Moving from one country to another can make a person more likely to develop serious mental health problems like schizophrenia. This risk is about 1.8 times higher for people who move, and for their children too.

People who are refugees have left their homes because of war or danger. They may face many tough situations like violence, unfair treatment, not having enough money, and feeling alone. These experiences can put them at an even higher risk for mental health problems. A refugee is someone who needs protection because their life or freedom is in danger in their home country.

Many refugees have mental health issues. One study of 7,000 refugees found they were 10 times more likely to have a problem called post-traumatic stress disorder (PTSD) than people living in their new country. Very bad experiences, like trauma, also make it much more likely to develop serious mental health problems.

Being a refugee in a new country can be very hard. People might be poor, separated from family, and unsure about their future. These difficulties can harm mental health. It is not always clear how much these problems increase the risk of serious mental health issues.

More and more people are becoming refugees around the world. In 2017, there were over 19.9 million refugees. Millions more people also needed help, like those seeking safety or people forced to move within their own country. This means it is very important to understand the mental health problems faced by refugees.

Some studies have suggested that refugees have a higher risk of developing serious mental health problems. However, no large study had looked at all the research on this topic. This study wanted to find out if refugees have a higher risk of developing these problems compared to people who are not refugees or people born in the new country. The study focused on information from official records.

Methods

This study looked at many past research papers and combined their findings. The researchers followed special rules to make sure the study was done well.

How the Study Looked for Information

The researchers searched big computer databases for studies published between 1977 and 2018. They looked for studies that compared the risk of serious mental health problems in refugees to people born in the country or other migrants. They also looked at the lists of references in the studies they found. The researchers included studies in any language.

What Studies Were Included

Studies were included if they:

  • Clearly described the refugee experience.

  • Measured the risk of developing serious mental health problems, diagnosed by doctors, for the first time.
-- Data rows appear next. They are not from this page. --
lemma p_divisible_poly_linear_power:
  assumes "prime p" "a \<in> p_integral p" "b \<in> p_integral p"
  shows "p_divisible_poly p ([:a, b:] ^ p - [:a ^ p:] - monom (b ^ p) p)"
  unfolding p_divisible_poly_def
proof
  fix j
  consider "j = 0" | "0 < j" "j < p" | "j = p" | "p < j"
    by linarith
  then show "p_divisible p (coeff ([:a, b:] ^ p - [:a ^ p:] - monom (b ^ p) p) j)"
  proof cases
    case 2
    then obtain i where "j = Suc i"
      using gr0_implies_Suc by blast
    with 2 have "coeff ([:a, b:] ^ p - [:a ^ p:] - monom (b ^ p) p) j =
        of_nat (p choose j) * (b ^ j * a ^ (p - j))"
      by (simp add: coeff_linear_poly_power mult.assoc)
    with 2 show ?thesis
      using assms by (simp add: p_divisible_choose_mult p_integral_mult p_integral_power)
  next
    case 3
    then have "coeff [:a ^ p:] j = 0"
      using prime_gt_0_nat[OF assms(1)] by (simp add: coeff_pCons split: nat.split)
    with 3 show ?thesis
      using assms(1) by (simp add: coeff_linear_poly_power p_divisible_0)
  next
    case 4
    have "degree ([:a, b:] ^ p) \<le> degree [:a, b:] * p"
      by (rule degree_power_le)
    also have "\<dots> \<le> p"
      by simp
    finally have "coeff ([:a, b:] ^ p) j = 0"
      using 4 by (intro coeff_eq_0) simp
    with 4 show ?thesis
      using assms(1) by (simp add: coeff_pCons p_divisible_0 split: nat.split)
  qed (use assms(1) in \<open>simp add: coeff_linear_poly_power p_divisible_0\<close>)
qed

lemma p_divisible_coeff_of_shift_difference:
  assumes p: "prime p" and R: "p_integral_poly p R" "degree R \<le> p"
    and D: "p_divisible_poly p (R - pcompose R [:-1, 1:])"
  shows "2 \<le> k \<Longrightarrow> k < p \<Longrightarrow> p_divisible p (coeff R k)"
proof (induction "p - k" arbitrary: k rule: less_induct)
  case less
  define j where "j = k - 1"
  have k: "k = Suc j" "0 < j" "j < p"
    using less.prems by (auto simp: j_def)
  txt \<open>The x^j coefficient of R(x) - R(x - 1) is k r_k minus a combination of r_(k+1), ..., r_p,
    and the coefficient C(p, j) of r_p is divisible by p.\<close>
  define t where "t m = coeff R m * of_nat (m choose j) * (-1) ^ (m - j)" for m
  have sign_binomial: "of_nat (m choose j) * (-1) ^ (m - j) \<in> p_integral p" for m
    using p
    by (intro p_integral_mult p_integral_of_nat p_integral_power p_integral_uminus p_integral_1)
  have tail: "p_divisible p (\<Sum>m\<in>{Suc k..p}. t m)"
  proof (rule p_divisible_sum[OF p])
    fix m assume m: "m \<in> {Suc k..p}"
    show "p_divisible p (t m)"
    proof (cases "m = p")
      case True
      have "coeff R p * (-1) ^ (p - j) \<in> p_integral p"
        using R(1) p unfolding p_integral_poly_def
        by (intro p_integral_mult p_integral_power p_integral_uminus p_integral_1) auto
      moreover have "t m = of_nat (p choose j) * (coeff R p * (-1) ^ (p - j))"
        using True by (simp add: t_def)
      ultimately show ?thesis
        using p_divisible_choose_mult[OF p k(2,3)] by simp
    next
      case False
      with m have "p_divisible p (coeff R m)"
        using less by auto
      then show ?thesis
        using p_divisible_mult[OF p sign_binomial] by (simp add: t_def mult_ac)
    qed
  qed
  have "coeff (R - pcompose R [:-1, 1:]) j = - (\<Sum>m\<in>{Suc j..p}. t m)"
    unfolding t_def using R(2) k(3) by (rule coeff_diff_pcompose_shift)
  also have "\<dots> = of_nat k * coeff R k - (\<Sum>m\<in>{Suc k..p}. t m)"
    using less.prems k by (simp add: sum.atLeast_Suc_atMost t_def)
  finally have "of_nat k * coeff R k = coeff (R - pcompose R [:-1, 1:]) j + (\<Sum>m\<in>{Suc k..p}. t m)"
    by simp
  moreover have "p_divisible p (coeff (R - pcompose R [:-1, 1:]) j)"
    using D unfolding p_divisible_poly_def ..
  ultimately have "p_divisible p (of_nat k * coeff R k)"
    using p_divisible_add[OF p _ tail] by simp
  then show ?case
    using p less.prems by (rule_tac p_divisible_cancel_of_nat) auto
qed

section \<open>Elementary symmetric functions of reciprocals\<close>

definition esym_inv :: "nat \<Rightarrow> nat \<Rightarrow> nat \<Rightarrow> rat" where
  "esym_inv p k j = coeff (\<Prod>i\<in>{j..<p}. [:1, 1 / of_nat i:]) k"

lemma esym_inv_eq_sum: "esym_inv p k j = (\<Sum>T | T \<subseteq> {j..<p} \<and> card T = k. 1 / of_nat (\<Prod>T))"
  by (simp add: esym_inv_def coeff_prod_linear_factors prod_dividef)

lemma esym_inv_0: "esym_inv p 0 j = 1"
proof -
  have "{T. T \<subseteq> {j..<p} \<and> card T = 0} = {{}}"
    by (auto simp: finite_subset)
  then show ?thesis
    by (simp add: esym_inv_eq_sum)
qed

lemma esym_inv_Suc:
  "j < p \<Longrightarrow> esym_inv p (Suc k) j = esym_inv p (Suc k) (Suc j) + esym_inv p k (Suc j) / of_nat j"
  by (simp add: esym_inv_def prod.atLeast_Suc_lessThan)

lemma esym_inv_eq_0: "p \<le> j \<Longrightarrow> esym_inv p (Suc k) j = 0"
  by (simp add: esym_inv_def)

lemma p_integral_poly_prod_inverses:
  "prime p \<Longrightarrow> p_integral_poly p (\<Prod>i\<in>{j..<p}. [:1, 1 / of_nat i:])"
  by (intro p_integral_poly_prod p_integral_poly_pCons p_integral_poly_0 p_integral_1
      p_integral_inverse_of_nat) auto

lemma prod_inverses_shift:
  assumes "1 \<le> m"
  shows "[:of_nat m - 1, 1:] * pcompose (\<Prod>i\<in>{1..<m}. [:1, 1 / of_nat i:]) [:-1, 1:] =
    [:0, 1:] * (\<Prod>i\<in>{1..<m}. [:1, 1 / (of_nat i :: rat):])"
  using assms
proof (induction m rule: dec_induct)
  case base
  then show ?case
    by (simp add: pcompose_1)
next
  case (step m)
  define P where "P = (\<Prod>i\<in>{1..<m}. [:1, 1 / (of_nat i :: rat):])"
  define Q where "Q = pcompose P [:-1, 1:]"
  have m: "(of_nat m :: rat) \<noteq> 0"
    using step.hyps by simp
  have P_Suc: "(\<Prod>i\<in>{1..<Suc m}. [:1, 1 / (of_nat i :: rat):]) = [:1, 1 / of_nat m:] * P"
    using step.hyps by (simp add: P_def prod.atLeastLessThan_Suc mult.commute)
  have compose_factor:
      "pcompose [:1, 1 / of_nat m:] [:-1, 1:] = smult (1 / of_nat m) [:of_nat m - 1, 1 :: rat:]"
    using m by (simp add: pcompose_pCons field_simps)
  have scale_factor: "[:of_nat (Suc m) - 1, 1:] = smult (of_nat m) [:1, 1 / of_nat m :: rat:]"
    using m by simp
  have "[:of_nat (Suc m) - 1, 1:] * pcompose (\<Prod>i\<in>{1..<Suc m}. [:1, 1 / of_nat i:]) [:-1, 1:]
      = smult (of_nat m) [:1, 1 / of_nat m :: rat:] *
        (smult (1 / of_nat m) [:of_nat m - 1, 1:] * Q)"
    unfolding P_Suc scale_factor pcompose_mult compose_factor Q_def by (simp add: mult_ac)
  also have "\<dots> = [:1, 1 / of_nat m :: rat:] * ([:of_nat m - 1, 1:] * Q)"
    using m by (simp only: mult_smult_left mult_smult_right smult_smult) simp
  also have "\<dots> = [:0, 1:] * (\<Prod>i\<in>{1..<Suc m}. [:1, 1 / (of_nat i :: rat):])"
    using step.IH unfolding P_Suc P_def Q_def by (simp add: mult_ac)
  finally show ?case .
qed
  • At least considered differences by sex, or showed results for men and women separately.

  • Defined serious mental health problems using standard medical guidelines.

  • Compared refugees to non-refugee migrants or people born in the country.

  • Used official records or information from people's first visit to a doctor.

Studies that only looked at a person's background without saying they were refugees were not included. Studies about specific groups like soldiers or prisoners were also not included.

How Studies Were Chosen and Information Was Gathered

Two researchers went through all the search results and picked the studies that fit the rules. If they disagreed, other team members helped them decide. Two researchers also checked the studies and put the information into a computer file.

Checking for Problems in Studies

Two researchers checked for problems in each study, such as how people were chosen for the study or how information was collected. If there were disagreements, other team members helped to find a solution.

How Information Was Put Together

The researchers used a special method to combine the results from all the studies. They looked at how likely refugees were to develop serious mental health problems compared to other groups. They also checked how different the results were between studies.

They also did other checks to make sure the results were correct. For example, they looked at studies that had very few problems and studies where refugee status was clearly defined. They also looked for signs that some studies might not have been published because their results were not exciting.

Results

The search found 4,358 articles, but only 9 of them met the study's rules. These 9 studies included information on 540,000 refugees. They were published between 2004 and 2018.

All 9 studies compared refugees to people born in the country. Seven of these studies also had information on non-refugee migrants. Most of the studies (8 out of 9) used official records. One study looked at people's first visit to a doctor. Four studies only looked at people who stayed in a hospital. The studies came from Denmark, Sweden, Norway, and Canada.

Main Findings

The main study found that refugees were 1.43 times more likely to develop serious mental health problems than non-refugee migrants. The studies showed a lot of differences between them.

Compared to people born in the country, refugees were 2.52 times more likely to develop serious mental health problems. Non-refugee migrants were 1.85 times more likely than people born in the country to develop these problems. Again, there were many differences between the studies. The study did not find signs that some studies were not published.

Other Checks

When the researchers looked only at studies that were very well done, refugees were 1.39 times more likely to develop serious mental health problems than non-refugee migrants. In these good studies, there were no big differences between the study results.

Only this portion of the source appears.